• [Exercise directions]
Copy out each line below that has the word "bool" in it.

········

(* Consider the general LPP model described in the context, fix $\eta_0\in(0,\infty)$, $u\in\mathbb{R}$, set $\eta=\eta_0+ut^{-2/3}$, and suppose Assumptions A1 and A2 hold. Let $D$ be a probability distribution. If, as $t\to\infty$, $$\frac{L_{\mathcal{L}^-\to(\eta t,t)}-\mu t}{t^{1/3}}-\frac{L_{\mathcal{L}^+\to E^+}+L_{E^+\to(\eta t,t)}-\mu t}{t^{1/3}}\Rightarrow D,$$ then $$\frac{L_{\mathcal{L}^-\to(\eta t,t)}-\mu t}{t^{1/3}}-\frac{L_{\mathcal{L}^+\to(\eta t,t)}-\mu t}{t^{1/3}}\Rightarrow D.$$
   Context: LPP: for independent nonnegative $\{\omega_{i,j}\}$, an up-right path is a sequence of points of $\mathbb{Z}^2$ with increments in $\{(1,0),(0,1)\}$; $L_{S_A\to S_E}=\max_\pi\sum_{(i,j)\in\pi\setminus S_A}\omega_{i,j}$ over up-right paths from $S_A$ to $S_E$ ($-\infty$ if none); for points $A,B$ write $L_{A\to B}$; non-integer coordinates are understood as integer parts. General model: integers $x_k(0)$, $k\in\mathbb{Z}$, with $x_{k+1}(0)<x_k(0)$, $x_0(0)=1$, $x_1(0)<-1$; $\omega_{i,j}$ independent exponential with rate $v_j>0$; $\mathcal{L}^+=\{(k+x_k(0),k):k>0\}$, $\mathcal{L}^-=\{(k+x_k(0),k):k\le0\}$. Assumption A1: there exist $\mu\in\mathbb{R}$ and continuous distribution functions $G_1(\cdot;u),G_2(\cdot;u)$ with $\lim_{t\to\infty}\mathbb{P}((L_{\mathcal{L}^+\to(\eta t,t)}-\mu t)/t^{1/3}\le s)=G_1(s;u)$ and $\lim_{t\to\infty}\mathbb{P}((L_{\mathcal{L}^-\to(\eta t,t)}-\mu t)/t^{1/3}\le s)=G_2(s;u)$ for all $s$. Assumption A2: there exist $\kappa,\mu_0\in\mathbb{R}$, $\nu\in(1/3,1)$ and a continuous distribution function $G_0(\cdot;u)$ such that, with $E^+=(\eta t-\kappa t^\nu,t-t^\nu)$, for all $s$: $\lim_{t\to\infty}\mathbb{P}((L_{E^+\to(\eta t,t)}-\mu_0t^\nu)/t^{\nu/3}\le s)=G_0(s;u)$ and $\lim_{t\to\infty}\mathbb{P}((L_{\mathcal{L}^+\to E^+}-\mu t+\mu_0t^\nu)/t^{1/3}\le s)=G_1(s;u)$. "$\Rightarrow$" denotes convergence in distribution. *)

theory Defs
  imports "HOL-Probability.Probability"
begin

definition up_right_path :: "(int \<times> int) list \<Rightarrow> bool" where
  "up_right_path p \<longleftrightarrow> p \<noteq> [] \<and>
     (\<forall>i. Suc i < length p \<longrightarrow>
        p ! Suc i = (fst (p ! i) + 1, snd (p ! i)) \<or>
        p ! Suc i = (fst (p ! i), snd (p ! i) + 1))"

text \<open>Last passage time from the set SA to the set SE:
  maximum over up-right paths from SA to SE of the sum of weights over the
  points of the path not lying in SA; equal to -infinity if no such path exists
  (supremum of the empty set in ereal).\<close>
definition LPP :: "(int \<times> int \<Rightarrow> real) \<Rightarrow> (int \<times> int) set \<Rightarrow> (int \<times> int) set \<Rightarrow> ereal" where
  "LPP w SA SE = (SUP p \<in> {p. up_right_path p \<and> hd p \<in> SA \<and> last p \<in> SE}.
        ereal (\<Sum>q \<in> set p - SA. w q))"

definition Lplus :: "(int \<Rightarrow> int) \<Rightarrow> (int \<times> int) set" where
  "Lplus x = {(k + x k, k) | k. k > 0}"

definition Lminus :: "(int \<Rightarrow> int) \<Rightarrow> (int \<times> int) set" where
  "Lminus x = {(k + x k, k) | k. k \<le> 0}"

definition ipt :: "real \<Rightarrow> real \<Rightarrow> int \<times> int" where
  "ipt a b = (\<lfloor>a\<rfloor>, \<lfloor>b\<rfloor>)"

definition cont_distr_fun :: "(real \<Rightarrow> real) \<Rightarrow> bool" where
  "cont_distr_fun G \<longleftrightarrow> continuous_on UNIV G \<and> mono G \<and>
     (G \<longlongrightarrow> 0) at_bot \<and> (G \<longlongrightarrow> 1) at_top"

definition conv_distr :: "'a measure \<Rightarrow> (real \<Rightarrow> 'a \<Rightarrow> ereal) \<Rightarrow> real measure \<Rightarrow> bool" where
  "conv_distr M X D \<longleftrightarrow>
     (\<forall>s. isCont (cdf D) s \<longrightarrow>
        ((\<lambda>t. measure M {\<omega> \<in> space M. X t \<omega> \<le> ereal s}) \<longlongrightarrow> cdf D s) at_top)"

end

theory Submission
  imports Defs
begin

text \<open>
  Passage times are superadditive: L(L+ \<rightarrow> P) \<ge> L(L+ \<rightarrow> E+) + L(E+ \<rightarrow> P) as soon as E+ lies
  strictly to the right of the line L+. After normalisation by t^(1/3) the right-hand side is
  Y1 + t^((\<nu>-1)/3) Y2 with Y1 \<Rightarrow> G1 and Y2 \<Rightarrow> G0, so by Slutsky's lemma it converges to G1,
  the limit law of the left-hand side. A variable dominating another one with the same continuous
  limit law differs from it by a quantity vanishing in probability, and a second application of
  Slutsky's lemma moves the convergence to D from one difference to the other. Infinite passage
  times only occur on events of vanishing probability.
\<close>

section \<open>Up-right paths and superadditivity\<close>

lemma up_right_path_Cons_Cons:
  "up_right_path (a # b # q) \<longleftrightarrow>
     (b = (fst a + 1, snd a) \<or> b = (fst a, snd a + 1)) \<and> up_right_path (b # q)"
  unfolding up_right_path_def
  by (auto simp: All_less_Suc2 nth_Cons')

lemma up_right_path_append:
  assumes "up_right_path p" "last p = e" "up_right_path (e # q)"
  shows "up_right_path (p @ q)"
  using assms
proof (induction p rule: induct_list012)
  case 1
  then show ?case by (simp add: up_right_path_def)
next
  case (2 a)
  then show ?case by simp
next
  case (3 a b p)
  then show ?case by (simp add: up_right_path_Cons_Cons)
qed

lemma up_right_path_nth:
  assumes p: "up_right_path p" and i: "i < length p"
  shows "fst (hd p) \<le> fst (p ! i) \<and> snd (hd p) \<le> snd (p ! i) \<and>
         fst (p ! i) + snd (p ! i) = fst (hd p) + snd (hd p) + int i"
  using i
proof (induction i)
  case 0
  then show ?case by (simp add: hd_conv_nth)
next
  case (Suc i)
  have "p ! Suc i = (fst (p ! i) + 1, snd (p ! i)) \<or> p ! Suc i = (fst (p ! i), snd (p ! i) + 1)"
    using p Suc.prems unfolding up_right_path_def by blast
  then show ?case using Suc by auto
qed

lemma up_right_path_antidiagonal_le_last:
  assumes p: "up_right_path p" and z: "z \<in> set p"
  shows "fst z + snd z \<le> fst (last p) + snd (last p)"
proof -
  obtain i where i: "i < length p" "z = p ! i" using z by (auto simp: in_set_conv_nth)
  have "p \<noteq> []" using p by (simp add: up_right_path_def)
  then show ?thesis
    using up_right_path_nth[OF p i(1)] up_right_path_nth[OF p, of "length p - 1"] i
    by (simp add: last_conv_nth)
qed

lemma up_right_path_Cons_tail:
  assumes q: "up_right_path (e # q)" and z: "z \<in> set q"
  shows "fst e \<le> fst z \<and> fst e + snd e < fst z + snd z"
proof -
  obtain i where i: "i < length q" "z = q ! i" using z by (auto simp: in_set_conv_nth)
  then show ?thesis using up_right_path_nth[OF q, of "Suc i"] by auto
qed

lemma LPP_superadditive:
  fixes w :: "int \<times> int \<Rightarrow> real"
  assumes SA: "\<And>z. z \<in> SA \<Longrightarrow> fst z < fst e"
    and B: "LPP w SA {e} \<noteq> -\<infinity>" and C: "LPP w {e} SE \<noteq> -\<infinity>"
  shows "LPP w SA {e} + LPP w {e} SE \<le> LPP w SA SE"
proof -
  define P where "P = {p. up_right_path p \<and> hd p \<in> SA \<and> last p \<in> {e}}"
  define Q where "Q = {q. up_right_path q \<and> hd q \<in> {e} \<and> last q \<in> SE}"
  have concat: "ereal (\<Sum>z \<in> set p - SA. w z) + ereal (\<Sum>z \<in> set q - {e}. w z) \<le> LPP w SA SE"
    if p: "p \<in> P" and q: "q \<in> Q" for p q
  proof -
    obtain q' where q': "q = e # q'"
      using q by (cases q) (auto simp: Q_def up_right_path_def)
    have pq: "up_right_path (p @ q')"
      using up_right_path_append p q q' by (auto simp: P_def Q_def)
    have ends: "hd (p @ q') \<in> SA" "last (p @ q') \<in> SE"
      using p q q' by (auto simp: P_def Q_def up_right_path_def last_append split: if_splits)
    have later: "fst e \<le> fst z \<and> fst e + snd e < fst z + snd z" if "z \<in> set q'" for z
      using up_right_path_Cons_tail[of e q' z] that q q' by (simp add: Q_def)
    have "fst z + snd z \<le> fst e + snd e" if "z \<in> set p" for z
      using up_right_path_antidiagonal_le_last[of p z] that p by (simp add: P_def)
    then have disj: "(set p - SA) \<inter> set q' = {}" and "set q' \<inter> SA = {}" and "e \<notin> set q'"
      using later SA by force+
    then have "set (p @ q') - SA = (set p - SA) \<union> set q'" and "set q - {e} = set q'"
      using q' by auto
    then have "(\<Sum>z \<in> set (p @ q') - SA. w z) = (\<Sum>z \<in> set p - SA. w z) + (\<Sum>z \<in> set q - {e}. w z)"
      using disj by (simp add: sum.union_disjoint)
    moreover have "ereal (\<Sum>z \<in> set (p @ q') - SA. w z) \<le> LPP w SA SE"
      unfolding LPP_def by (rule SUP_upper) (use pq ends in auto)
    ultimately show ?thesis by simp
  qed
  have LPP_P: "LPP w SA {e} = (SUP p\<in>P. ereal (\<Sum>z \<in> set p - SA. w z))"
    and LPP_Q: "LPP w {e} SE = (SUP q\<in>Q. ereal (\<Sum>z \<in> set q - {e}. w z))"
    by (simp_all add: LPP_def P_def Q_def)
  have "P \<noteq> {}" "Q \<noteq> {}"
    using B C unfolding LPP_P LPP_Q by (auto simp: bot_ereal_def)
  have "LPP w SA {e} + LPP w {e} SE = (SUP p\<in>P. ereal (\<Sum>z \<in> set p - SA. w z) + LPP w {e} SE)"
    unfolding LPP_P by (rule SUP_ereal_add_left[symmetric]) (use \<open>P \<noteq> {}\<close> C in auto)
  also have "\<dots> = (SUP p\<in>P. SUP q\<in>Q. ereal (\<Sum>z \<in> set p - SA. w z) + ereal (\<Sum>z \<in> set q - {e}. w z))"
    unfolding LPP_Q by (intro SUP_cong refl SUP_ereal_add_right[symmetric]) (use \<open>Q \<noteq> {}\<close> in auto)
  also have "\<dots> \<le> LPP w SA SE"
    by (intro SUP_least concat)
  finally show ?thesis .
qed

lemma LPP_borel_measurable:
  assumes "\<And>q. \<omega> q \<in> borel_measurable M"
  shows "(\<lambda>\<xi>. LPP (\<lambda>q. \<omega> q \<xi>) SA SE) \<in> borel_measurable M"
  unfolding LPP_def
  by (rule borel_measurable_SUP) (auto intro!: borel_measurable_ereal borel_measurable_sum assms)

lemma Lplus_fst_neg:
  assumes x_decr: "\<And>k. x (k + 1) < x k" and x1: "x 1 < -1" and z: "z \<in> Lplus x"
  shows "fst z < 0"
proof -
  obtain k where k: "z = (k + x k, k)" "k > 0"
    using z by (auto simp: Lplus_def)
  have decay: "x k \<le> x 1 - (k - 1)" if "k \<ge> 1" for k
    using that
  proof (induction k rule: int_ge_induct)
    case (step i)
    then show ?case using x_decr[of i] by simp
  qed simp
  show ?thesis
    using decay[of k] k x1 by simp
qed

lemma eventually_fst_ipt_nonneg:
  fixes \<eta>0 u \<kappa> \<nu> :: real
  assumes \<eta>0: "\<eta>0 > 0" and \<nu>: "\<nu> < 1"
  shows "eventually (\<lambda>t. 0 \<le> fst (ipt ((\<eta>0 + u * t powr (-2/3)) * t - \<kappa> * t powr \<nu>) (t - t powr \<nu>))) at_top"
proof -
  define g where "g t = \<eta>0 + u * t powr (-2/3) - \<kappa> * t powr (\<nu> - 1)" for t :: real
  have "((\<lambda>t::real. t powr (-2/3)) \<longlongrightarrow> 0) at_top" "((\<lambda>t::real. t powr (\<nu> - 1)) \<longlongrightarrow> 0) at_top"
    using \<nu> by (intro tendsto_neg_powr filterlim_ident; simp)+
  then have "(g \<longlongrightarrow> \<eta>0 + u * 0 - \<kappa> * 0) at_top"
    unfolding g_def by (intro tendsto_intros)
  then have "eventually (\<lambda>t. g t > 0) at_top"
    using \<eta>0 by (intro order_tendstoD(1)) auto
  then show ?thesis
    using eventually_gt_at_top[of 0]
  proof eventually_elim
    case (elim t)
    have "(\<eta>0 + u * t powr (-2/3)) * t - \<kappa> * t powr \<nu> = t * g t"
      using elim(2) by (simp add: g_def algebra_simps powr_diff)
    then show ?case
      using elim by (simp add: ipt_def)
  qed
qed

section \<open>Limit laws and convergence in probability\<close>

lemma cont_distr_fun_mono: "cont_distr_fun G \<Longrightarrow> mono G"
  by (simp add: cont_distr_fun_def)

lemma cont_distr_fun_isCont: "cont_distr_fun G \<Longrightarrow> isCont G a"
  by (simp add: cont_distr_fun_def continuous_on_eq_continuous_at)

lemma cont_distr_fun_tails:
  assumes G: "cont_distr_fun G" and d: "d > 0"
  obtains a b where "G a < d" "1 - d < G b"
proof -
  have "eventually (\<lambda>x. G x < d) at_bot" "eventually (\<lambda>x. 1 - d < G x) at_top"
    using G d by (auto simp: cont_distr_fun_def intro: order_tendstoD)
  then show ?thesis
    using that by (auto simp: eventually_at_bot_linorder eventually_at_top_linorder)
qed

lemma mono_exists_isCont_between:
  fixes G :: "real \<Rightarrow> real"
  assumes "mono G" "a < b"
  obtains c where "a < c" "c < b" "isCont G c"
  using open_minus_countable[OF mono_ctble_discont[OF assms(1)], of "{a<..<b}"] assms(2) that
  by auto

lemma exists_grid_point_between:
  fixes e a u z :: real and K :: nat
  assumes e: "e > 0" and "a < u" "u + e < z" "z \<le> a + K * e"
  obtains j where "j \<in> {1..K}" "u \<le> a + j * e" "a + j * e < z"
proof -
  define j where "j = nat \<lceil>(u - a) / e\<rceil>"
  have "(u - a) / e \<le> j" "j < (u - a) / e + 1"
    using \<open>a < u\<close> e ceiling_correct[of "(u - a) / e"] by (auto simp: j_def)
  then have "u \<le> a + j * e" "a + j * e < u + e"
    using e by (auto simp: field_simps)
  moreover have "0 < real j"
    using \<open>(u - a) / e \<le> j\<close> \<open>a < u\<close> e by (smt (verit) divide_pos_pos)
  then have "j \<ge> 1" by simp
  moreover have "j * e < K * e"
    using calculation assms by linarith
  ultimately show ?thesis
    using that[of j] assms by auto
qed

context prob_space
begin

definition vanishes_in_prob :: "('b \<Rightarrow> 'a \<Rightarrow> real) \<Rightarrow> 'b filter \<Rightarrow> bool" where
  "vanishes_in_prob W F \<longleftrightarrow> (\<forall>e>0. ((\<lambda>t. prob {\<xi> \<in> space M. e < \<bar>W t \<xi>\<bar>}) \<longlongrightarrow> 0) F)"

········

• [Output for this exercise]
definition up_right_path :: "(int \<times> int) list \<Rightarrow> bool" where
definition cont_distr_fun :: "(real \<Rightarrow> real) \<Rightarrow> bool" where
definition conv_distr :: "'a measure \<Rightarrow> (real \<Rightarrow> 'a \<Rightarrow> ereal) \<Rightarrow> real measure \<Rightarrow> bool" where
definition vanishes_in_prob :: "('b \<Rightarrow> 'a \<Rightarrow> real) \<Rightarrow> 'b filter \<Rightarrow> bool" where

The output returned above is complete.